Er öffnete das Dokument und begann zu lesen. Es war eine kurze Rede, aber sie war wunderschön, und als er fertig war mit Lesen, fühlte er sich besser. Er vermutete, dass sich die anderen Jungen genauso fühlen würden.
    Kieran lud die Predigt auf einen tragbaren Reader, den er sich an den Gürtel hängte, und schwebte zurück in den nunmehr leeren Korridor. Die Letzten hatten mit ihren Eltern gesprochen oder erfahren, was mit ihnen geschehen war, wenn sie sich unter den Toten befanden. Es war vorbei.
    Das Mikrofon war neben der Tür des Schlafsaals befestigt, und Kieran griff danach. Er wusste nicht, wie er die Jungen auf sich aufmerksam machen sollte. Sie zusammenzurufen schien irgendwie falsch zu sein. Also begann er einfach zu lesen:
    »Manchmal in unserem Leben müssen wir uns einem großen Verlust stellen. Die Leere des Verlusts türmt sich auf, und wir haben keine andere Wahl, als sie zu ertragen. Was könnten wir sonst tun? Wir schauen aus unseren leeren Bullaugen auf die gewaltige Schöpfung – Sterne, die ewig zu sein scheinen, stecknadelkopfgroß. Und wir fühlen uns so klein, so allein. Unbedeutend. Wie kann irgendetwas, das wir tun, in so einem Kosmos eine Rolle spielen?«
    Er hörte Kichern aus der Ecke des Raums, wo Seth und seine Freunde schwebten, aber er achtete nicht auf sie. Einige der Jungen schauten ihn durch ihre Tränen hindurch an.

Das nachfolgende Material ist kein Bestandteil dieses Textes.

lemma keys_subset_monomials_bounded_degree:
  assumes "mpoly_vars p \<subseteq> {..<m}" and "total_deg p \<le> D"
  shows "Poly_Mapping.keys p \<subseteq> {\<alpha>. Poly_Mapping.keys \<alpha> \<subseteq> {..<m} \<and> mon_deg \<alpha> \<le> D}"
proof
  fix \<alpha> assume \<alpha>: "\<alpha> \<in> Poly_Mapping.keys p"
  have "mon_deg \<alpha> \<le> total_deg p"
    unfolding total_deg_def using \<alpha> by (intro Max_ge) auto
  with \<alpha> assms show "\<alpha> \<in> {\<alpha>. Poly_Mapping.keys \<alpha> \<subseteq> {..<m} \<and> mon_deg \<alpha> \<le> D}"
    unfolding mpoly_vars_def by auto
qed

definition mon_eval :: "(nat \<Rightarrow>\<^sub>0 nat) \<Rightarrow> (nat \<Rightarrow> 'b::comm_ring_1) \<Rightarrow> 'b" where
  "mon_eval \<alpha> x = (\<Prod>i\<in>Poly_Mapping.keys \<alpha>. x i ^ Poly_Mapping.lookup \<alpha> i)"

lemma mon_eval_conv_prod_lessThan:
  assumes "Poly_Mapping.keys \<alpha> \<subseteq> {..<m}"
  shows "mon_eval \<alpha> x = (\<Prod>j<m. x j ^ Poly_Mapping.lookup \<alpha> j)"
  unfolding mon_eval_def using assms
  by (intro prod.mono_neutral_left) (auto simp: in_keys_iff)

lemma mpoly_eval_conv_sum:
  assumes "finite A" and "Poly_Mapping.keys p \<subseteq> A" and "c 0 = 0"
  shows "mpoly_eval c p x = (\<Sum>\<alpha>\<in>A. c (Poly_Mapping.lookup p \<alpha>) * mon_eval \<alpha> x)"
  unfolding mpoly_eval_def mon_eval_def using assms
  by (intro sum.mono_neutral_left) (auto simp: in_keys_iff)

lemma mpoly_eval_of_real:
  fixes h :: "'a::zero \<Rightarrow> real" and x :: "nat \<Rightarrow> real"
  shows "mpoly_eval (\<lambda>v. of_real (h v)) p (\<lambda>i. of_real (x i)) =
    (of_real (mpoly_eval h p x) :: 'b::{real_algebra_1, comm_ring_1})"
  by (simp add: mpoly_eval_def)

lemma norm_mpoly_eval_of_int_of_real:
  assumes "finite A" and "Poly_Mapping.keys p \<subseteq> A"
  shows "cmod (mpoly_eval of_int p (\<lambda>i. of_real (x i))) =
    \<bar>\<Sum>\<alpha>\<in>A. real_of_int (Poly_Mapping.lookup p \<alpha>) * mon_eval \<alpha> x\<bar>"
proof -
  have "cmod (mpoly_eval of_int p (\<lambda>i. of_real (x i))) = \<bar>mpoly_eval of_int p x\<bar>"
    using mpoly_eval_of_real[of real_of_int p x, where 'b = complex] by simp
  also have "mpoly_eval of_int p x = (\<Sum>\<alpha>\<in>A. real_of_int (Poly_Mapping.lookup p \<alpha>) * mon_eval \<alpha> x)"
    using assms by (rule mpoly_eval_conv_sum) simp
  finally show ?thesis .
qed

lemma of_real_comp_of_rat: "(\<lambda>q. of_real (of_rat q)) = (of_rat :: rat \<Rightarrow> 'a::real_field)"
proof
  fix q :: rat
  show "of_real (of_rat q) = (of_rat q :: 'a)"
    by (cases q) (simp add: of_rat_rat)
qed

(* A i indexes the monomials of the i-th polynomial, E a j being the exponent of x j in
   monomial a. The last variable is fixed last: once x 0, ..., x (m - 1) keep the coefficient
   of t ^ E (a0 i) m nonzero for every i, the countably many univariate polynomials in t have
   only countably many roots in total. *)
lemma exists_common_non_root_exponents:
  fixes c :: "'i \<Rightarrow> 'b \<Rightarrow> real" and E :: "'b \<Rightarrow> nat \<Rightarrow> nat"
  assumes "countable I"
    and "\<And>i. i \<in> I \<Longrightarrow> finite (A i)"
    and "\<And>i a b. i \<in> I \<Longrightarrow> a \<in> A i \<Longrightarrow> b \<in> A i \<Longrightarrow> (\<forall>j<m. E a j = E b j) \<Longrightarrow> a = b"
    and "\<And>i. i \<in> I \<Longrightarrow> \<exists>a\<in>A i. c i a \<noteq> 0"
  shows "\<exists>x. \<forall>i\<in>I. (\<Sum>a\<in>A i. c i a * (\<Prod>j<m. x j ^ E a j)) \<noteq> 0"
  using assms(2-4)
proof (induction m arbitrary: A)
  case 0
  show ?case
  proof (intro exI ballI)
    fix i assume i: "i \<in> I"
    obtain a where a: "a \<in> A i" "c i a \<noteq> 0" using "0.prems"(3)[OF i] by blast
    have "A i = {a}" using "0.prems"(2)[OF i] a(1) by blast
    with a show "(\<Sum>a\<in>A i. c i a * (\<Prod>j<0. (\<lambda>_. 0::real) j ^ E a j)) \<noteq> 0" by simp
  qed
next
  case (Suc m)
  obtain a0 where a0: "\<And>i. i \<in> I \<Longrightarrow> a0 i \<in> A i \<and> c i (a0 i) \<noteq> 0"
    using Suc.prems(3) by metis
  define A' where "A' i = {a \<in> A i. E a m = E (a0 i) m}" for i
  have "\<exists>x. \<forall>i\<in>I. (\<Sum>a\<in>A' i. c i a * (\<Prod>j<m. x j ^ E a j)) \<noteq> 0"
  proof (rule Suc.IH)
    show "finite (A' i)" if "i \<in> I" for i
      using Suc.prems(1)[OF that] unfolding A'_def by simp
    show "a = b" if "i \<in> I" "a \<in> A' i" "b \<in> A' i" "\<forall>j<m. E a j = E b j" for i a b
      using Suc.prems(2)[of i a b] that unfolding A'_def by (auto simp: less_Suc_eq)
    show "\<exists>a\<in>A' i. c i a \<noteq> 0" if "i \<in> I" for i
      using a0[OF that] unfolding A'_def by auto
  qed
  then obtain x where x: "\<And>i. i \<in> I \<Longrightarrow> (\<Sum>a\<in>A' i. c i a * (\<Prod>j<m. x j ^ E a j)) \<noteq> 0"
    by blast
  define q where "q i = (\<Sum>a\<in>A i. monom (c i a * (\<Prod>j<m. x j ^ E a j)) (E a m))" for i
  have "q i \<noteq> 0" if "i \<in> I" for i
  proof -
    have "coeff (q i) (E (a0 i) m) = (\<Sum>a\<in>A' i. c i a * (\<Prod>j<m. x j ^ E a j))"
      unfolding q_def coeff_sum coeff_monom A'_def using Suc.prems(1)[OF that]
      by (simp add: sum.inter_filter[symmetric] eq_commute)
    with x[OF that] show ?thesis
      by (metis coeff_0)
  qed
  then have "countable (\<Union>i\<in>I. {t. poly (q i) t = 0})"
    by (intro countable_UN[OF \<open>countable I\<close>] countable_finite poly_roots_finite) auto
  then have "(\<Union>i\<in>I. {t. poly (q i) t = 0}) \<noteq> UNIV"
    using uncountable_UNIV_real by auto
  then obtain t where t: "t \<notin> (\<Union>i\<in>I. {t. poly (q i) t = 0})"
    by blast
  have eval_q: "(\<Sum>a\<in>A i. c i a * (\<Prod>j<Suc m. (x(m := t)) j ^ E a j)) = poly (q i) t" for i
    unfolding q_def poly_sum poly_monom
    by (intro sum.cong refl) (simp add: mult.assoc)
  show ?case
  proof (intro exI ballI)
    fix i assume "i \<in> I"
    with t show "(\<Sum>a\<in>A i. c i a * (\<Prod>j<Suc m. (x(m := t)) j ^ E a j)) \<noteq> 0"
      unfolding eval_q by blast
  qed
qed

lemma exists_common_non_root:
  fixes c :: "'i \<Rightarrow> (nat \<Rightarrow>\<^sub>0 nat) \<Rightarrow> real"
  assumes "countable I"
    and "\<And>i. i \<in> I \<Longrightarrow> finite (A i)"
    and "\<And>i \<alpha>. i \<in> I \<Longrightarrow> \<alpha> \<in> A i \<Longrightarrow> Poly_Mapping.keys \<alpha> \<subseteq> {..<m}"
    and "\<And>i. i \<in> I \<Longrightarrow> \<exists>\<alpha>\<in>A i. c i \<alpha> \<noteq> 0"
  shows "\<exists>x. \<forall>i\<in>I. (\<Sum>\<alpha>\<in>A i. c i \<alpha> * mon_eval \<alpha> x) \<noteq> 0"
proof -
  have "\<exists>x. \<forall>i\<in>I. (\<Sum>\<alpha>\<in>A i. c i \<alpha> * (\<Prod>j<m. x j ^ Poly_Mapping.lookup \<alpha> j)) \<noteq> 0"
  proof (rule exists_common_non_root_exponents[OF assms(1,2) _ assms(4)])
    fix i \<alpha> \<beta> assume "i \<in> I" "\<alpha> \<in> A i" "\<beta> \<in> A i"
      and "\<forall>j<m. Poly_Mapping.lookup \<alpha> j = Poly_Mapping.lookup \<beta> j"
    then have "restrict (Poly_Mapping.lookup \<alpha>) {..<m} = restrict (Poly_Mapping.lookup \<beta>) {..<m}"
      by auto
    with assms(3) \<open>i \<in> I\<close> \<open>\<alpha> \<in> A i\<close> \<open>\<beta> \<in> A i\<close> show "\<alpha> = \<beta>"
      by (auto intro: inj_onD[OF inj_on_restrict_lookup])
  qed
  then obtain x where x: "\<forall>i\<in>I. (\<Sum>\<alpha>\<in>A i. c i \<alpha> * (\<Prod>j<m. x j ^ Poly_Mapping.lookup \<alpha> j)) \<noteq> 0"
    by blast
  show ?thesis
  proof (intro exI ballI)
    fix i assume "i \<in> I"
    then have "(\<Sum>\<alpha>\<in>A i. c i \<alpha> * mon_eval \<alpha> x) =
        (\<Sum>\<alpha>\<in>A i. c i \<alpha> * (\<Prod>j<m. x j ^ Poly_Mapping.lookup \<alpha> j))"
      using assms(3) by (intro sum.cong refl) (simp add: mon_eval_conv_prod_lessThan)
    also have "\<dots> \<noteq> 0"
      using x \<open>i \<in> I\<close> by (rule bspec)
    finally show "(\<Sum>\<alpha>\<in>A i. c i \<alpha> * mon_eval \<alpha> x) \<noteq> 0" .
  qed
qed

    »Wir spielen eine Rolle. Darauf zu vertrauen, dass unser Leben bedeutsam ist, ist die Essenz des Glaubens. Wir sind nicht so groß oder strahlen so hell oder sind so ewig wie die Sterne, aber wir tragen als Banner die Liebe der Menschheit durch die Galaxie. Wir sind die Ersten. Wir sind die Weltenbereiter. Hoffnung ist unsere Nahrung. Wie das zarte Ried, das sich im Wind wiegt, wachsen wir einer neuen Sonne entgegen.«
    Kieran legte vor dem letzten Absatz eine Pause ein und sah auf. Alle schauten ihn nun an. Viele weinten offen, verteilten Tränen in der Luft des Zentralbunkers wie Schnee, aber sie schwiegen. Selbst Seth schwieg, während er zusah, wie Kieran die Kontrolle über den Raum übernahm.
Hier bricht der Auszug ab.